WHAT THIS TASK INVOLVES:
For the listing below, report all lines that hold the word "dots".

PROVIDED RECORDS:
(* Let $V$ be a filled sparsity pattern, $X\in\mathbb S^n_V$ positive definite and $Y\in\mathbb S^n_V$. Let $X+tY=L(t)D(t)L(t)^T$ ($L(t)$ unit lower triangular, $D(t)$ positive diagonal) for $t$ near $0$, $L=L(0)$, $D=D(0)$, and $L',D'$ the derivatives at $t=0$. Let $S=\mathcal P(X^{-1})$ and $T=\mathcal P(X^{-1}YX^{-1})$ (so $T=-\frac{d}{dt}\mathcal P((X+tY)^{-1})|_{t=0}$). Then for every $j$, $$\begin{bmatrix}1&L_{I_j j}^T\\0&I\end{bmatrix}\begin{bmatrix}T_{jj}&T_{I_j j}^T\\ T_{I_j j}&T_{I_jI_j}\end{bmatrix}\begin{bmatrix}1&0\\ L_{I_j j}&I\end{bmatrix}=\begin{bmatrix}D'_{jj}/D_{jj}^2&(S_{I_jI_j}L'_{I_j j})^T\\ S_{I_jI_j}L'_{I_j j}&T_{I_jI_j}\end{bmatrix}.$$
   Context: A symmetric sparsity pattern $V$ is a set of pairs $(i,j)$ with $1\le j\le i\le n$ containing all $(i,i)$; it is filled (chordal) if $i>j>k$, $(i,k)\in V$, $(j,k)\in V$ imply $(i,j)\in V$. $\mathbb S^n_V$ is the set of real symmetric $n\times n$ matrices with $X_{ij}=X_{ji}=0$ whenever $i\ge j$ and $(i,j)\notin V$. $\mathcal P$ is the projection onto $\mathbb S^n_V$: $\mathcal P(A)_{ij}=A_{ij}$ if $(\max(i,j),\min(i,j))\in V$ and $0$ otherwise. For each $j$, $I_j=\{i>j:(i,j)\in V\}$ (sorted increasingly). $A_{IJ}$ is the submatrix with rows $I$ and columns $J$; $A_{Ij}$ the part of column $j$ with rows in $I$. *)

theory Defs
  imports Complex_Main "Jordan_Normal_Form.Gauss_Jordan_Elimination" "Jordan_Normal_Form.DL_Submatrix"
begin

text \<open>Indices are 0-based: rows/columns range over 0..n-1. A symmetric sparsity
  pattern is a set of pairs (i,j) with j \<le> i < n containing every (i,i).\<close>

definition sparsity_pattern :: "nat \<Rightarrow> (nat \<times> nat) set \<Rightarrow> bool" where
  "sparsity_pattern n V \<longleftrightarrow> V \<subseteq> {(i,j). j \<le> i \<and> i < n} \<and> (\<forall>i<n. (i,i) \<in> V)"

definition filled_pattern :: "(nat \<times> nat) set \<Rightarrow> bool" where
  "filled_pattern V \<longleftrightarrow> (\<forall>i j k. i > j \<and> j > k \<and> (i,k) \<in> V \<and> (j,k) \<in> V \<longrightarrow> (i,j) \<in> V)"

definition in_SV :: "nat \<Rightarrow> (nat \<times> nat) set \<Rightarrow> real mat \<Rightarrow> bool" where
  "in_SV n V X \<longleftrightarrow> X \<in> carrier_mat n n \<and> transpose_mat X = X \<and>
     (\<forall>i<n. \<forall>j<n. (max i j, min i j) \<notin> V \<longrightarrow> X $$ (i,j) = 0)"

definition projP :: "(nat \<times> nat) set \<Rightarrow> real mat \<Rightarrow> real mat" where
  "projP V A = mat (dim_row A) (dim_col A)
     (\<lambda>(i,j). if (max i j, min i j) \<in> V then A $$ (i,j) else 0)"

definition Iset :: "(nat \<times> nat) set \<Rightarrow> nat \<Rightarrow> nat set" where
  "Iset V j = {i. i > j \<and> (i,j) \<in> V}"

definition pos_def_mat :: "nat \<Rightarrow> real mat \<Rightarrow> bool" where
  "pos_def_mat n X \<longleftrightarrow> X \<in> carrier_mat n n \<and> transpose_mat X = X \<and>
     (\<forall>v \<in> carrier_vec n. v \<noteq> 0\<^sub>v n \<longrightarrow> v \<bullet> (X *\<^sub>v v) > 0)"

definition unit_lower_triangular :: "nat \<Rightarrow> real mat \<Rightarrow> bool" where
  "unit_lower_triangular n L \<longleftrightarrow> L \<in> carrier_mat n n \<and> (\<forall>i<n. L $$ (i,i) = 1) \<and>
     (\<forall>i<n. \<forall>j<n. i < j \<longrightarrow> L $$ (i,j) = 0)"

definition pos_diagonal :: "nat \<Rightarrow> real mat \<Rightarrow> bool" where
  "pos_diagonal n D \<longleftrightarrow> D \<in> carrier_mat n n \<and> diagonal_mat D \<and> (\<forall>i<n. D $$ (i,i) > 0)"

definition mat_inv :: "real mat \<Rightarrow> real mat" where
  "mat_inv A = the (mat_inverse A)"

end

theory Submission
  imports Defs "Jordan_Normal_Form.Determinant"
begin

text \<open>
  Proof idea.  Write X(t) = X + tY = L(t) D(t) L(t)^T, Z(t) = X(t)^-1, and W = X^-1 Y X^-1.

  (1) Since V is filled, the factor L(t) has no fill-in: column j of L(t), and hence of
      L' = L'(0), is supported on K = {j} \<union> I_j, and K x K lies inside the pattern.
  (2) From Z(t) L(t) D(t) L(t)^T = 1 and triangularity, (Z(t) L(t))_ij = delta_ij / D(t)_jj
      for i >= j.
  (3) Along the line, Z(t) is differentiable at 0 with derivative -W.  Differentiating (2)
      gives (W L)_ij = (X^-1 L')_ij + delta_ij D'_jj / D_jj^2 for i >= j, and (2) at t = 0
      gives (X^-1 L)_ij = 0 for i in I_j.
  (4) By (1) these relations only involve entries of X^-1 and W on K x K, i.e. entries of
      S = P(X^-1) and T = P(W); read blockwise they are the claimed congruence identity.
\<close>

lemma sum_eq_single_term:
  assumes "finite S" "k \<in> S" "\<And>a. a \<in> S \<Longrightarrow> a \<noteq> k \<Longrightarrow> f a = 0"
  shows "sum f S = f k"
proof -
  have "sum f S = f k + sum f (S - {k})" using assms by (simp add: sum.remove)
  also have "sum f (S - {k}) = 0" using assms by (intro sum.neutral) auto
  finally show ?thesis by simp
qed

lemma mat_mult_entry:
  assumes "A \<in> carrier_mat r m" "B \<in> carrier_mat m c" "i < r" "k < c"
  shows "(A * B) $$ (i,k) = (\<Sum>a<m. A $$ (i,a) * B $$ (a,k))"
  using assms by (simp add: scalar_prod_def atLeast0LessThan)

lemma mult_diag_mult_entry:
  assumes L: "L \<in> carrier_mat n n" and D: "D \<in> carrier_mat n n" and M: "M \<in> carrier_mat n n"
    and dD: "diagonal_mat D" and i: "i < n" and k: "k < n"
  shows "(L * D * M) $$ (i,k) = (\<Sum>a<n. L $$ (i,a) * D $$ (a,a) * M $$ (a,k))"
proof -
  have LD: "(L * D) $$ (i,a) = L $$ (i,a) * D $$ (a,a)" if a: "a < n" for a
  proof -
    have "(L * D) $$ (i,a) = (\<Sum>b<n. L $$ (i,b) * D $$ (b,a))" using mat_mult_entry[OF L D i a] .
    also have "\<dots> = L $$ (i,a) * D $$ (a,a)"
      using dD D a by (intro sum_eq_single_term) (auto simp: diagonal_mat_def)
    finally show ?thesis .
  qed
  have "(L * D * M) $$ (i,k) = (\<Sum>a<n. (L * D) $$ (i,a) * M $$ (a,k))"
    using L D M i k by (intro mat_mult_entry) auto
  also have "\<dots> = (\<Sum>a<n. L $$ (i,a) * D $$ (a,a) * M $$ (a,k))"
    using LD by (intro sum.cong) auto
  finally show ?thesis .
qed

lemma ldl_entry:
  assumes L: "L \<in> carrier_mat n n" and D: "D \<in> carrier_mat n n" and dD: "diagonal_mat D"
    and i: "i < n" and k: "k < n"
  shows "(L * D * transpose_mat L) $$ (i,k) = (\<Sum>m<n. L $$ (i,m) * D $$ (m,m) * L $$ (k,m))"
proof -
  have "(L * D * transpose_mat L) $$ (i,k)
      = (\<Sum>m<n. L $$ (i,m) * D $$ (m,m) * transpose_mat L $$ (m,k))"
    using L by (intro mult_diag_mult_entry[OF L D _ dD i k]) simp
  also have "\<dots> = (\<Sum>m<n. L $$ (i,m) * D $$ (m,m) * L $$ (k,m))"
    using L k by (intro sum.cong) auto
  finally show ?thesis .
qed

lemma symmetric_entry:
  assumes "transpose_mat A = A" "A \<in> carrier_mat n n" "i < n" "k < n"
  shows "A $$ (k,i) = A $$ (i,k)"
proof -
  have "transpose_mat A $$ (i,k) = A $$ (k,i)" using assms(2-4) by simp
  then show ?thesis using assms(1) by simp
qed

lemma affine_at_zero:
  fixes X Y :: "'a::comm_ring_1 mat"
  assumes "X \<in> carrier_mat n n" "Y \<in> carrier_mat n n"
  shows "X + 0 \<cdot>\<^sub>m Y = X"
  using assms by (intro eq_matI) auto

text \<open>The inverse given by the adjugate formula; it is continuous in the entries, which makes it
  the convenient representative of the inverse along the line X + tY.\<close>

definition adj_inv :: "'a::field mat \<Rightarrow> 'a mat" where
  "adj_inv A = (1 / det A) \<cdot>\<^sub>m adj_mat A"

lemma adj_inv_carrier: "A \<in> carrier_mat n n \<Longrightarrow> adj_inv A \<in> carrier_mat n n"
  unfolding adj_inv_def by (rule smult_carrier_mat[OF adj_mat(1)])

lemma adj_inv_inverse:
  assumes A: "A \<in> carrier_mat n n" and dA: "det A \<noteq> 0"
  shows "adj_inv A * A = 1\<^sub>m n" "A * adj_inv A = 1\<^sub>m n"
proof -
  show "adj_inv A * A = 1\<^sub>m n"
    unfolding adj_inv_def mult_smult_assoc_mat[OF adj_mat(1)[OF A] A] adj_mat(3)[OF A]
    using dA by (intro eq_matI) auto
  show "A * adj_inv A = 1\<^sub>m n"
    unfolding adj_inv_def mult_smult_distrib[OF A adj_mat(1)[OF A]] adj_mat(2)[OF A]
    using dA by (intro eq_matI) auto
qed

EXERCISE SOLUTION:
    also have "\<dots> = L $$ (i,a) * D $$ (a,a)"
  also have "\<dots> = (\<Sum>a<n. L $$ (i,a) * D $$ (a,a) * M $$ (a,k))"
  also have "\<dots> = (\<Sum>m<n. L $$ (i,m) * D $$ (m,m) * L $$ (k,m))"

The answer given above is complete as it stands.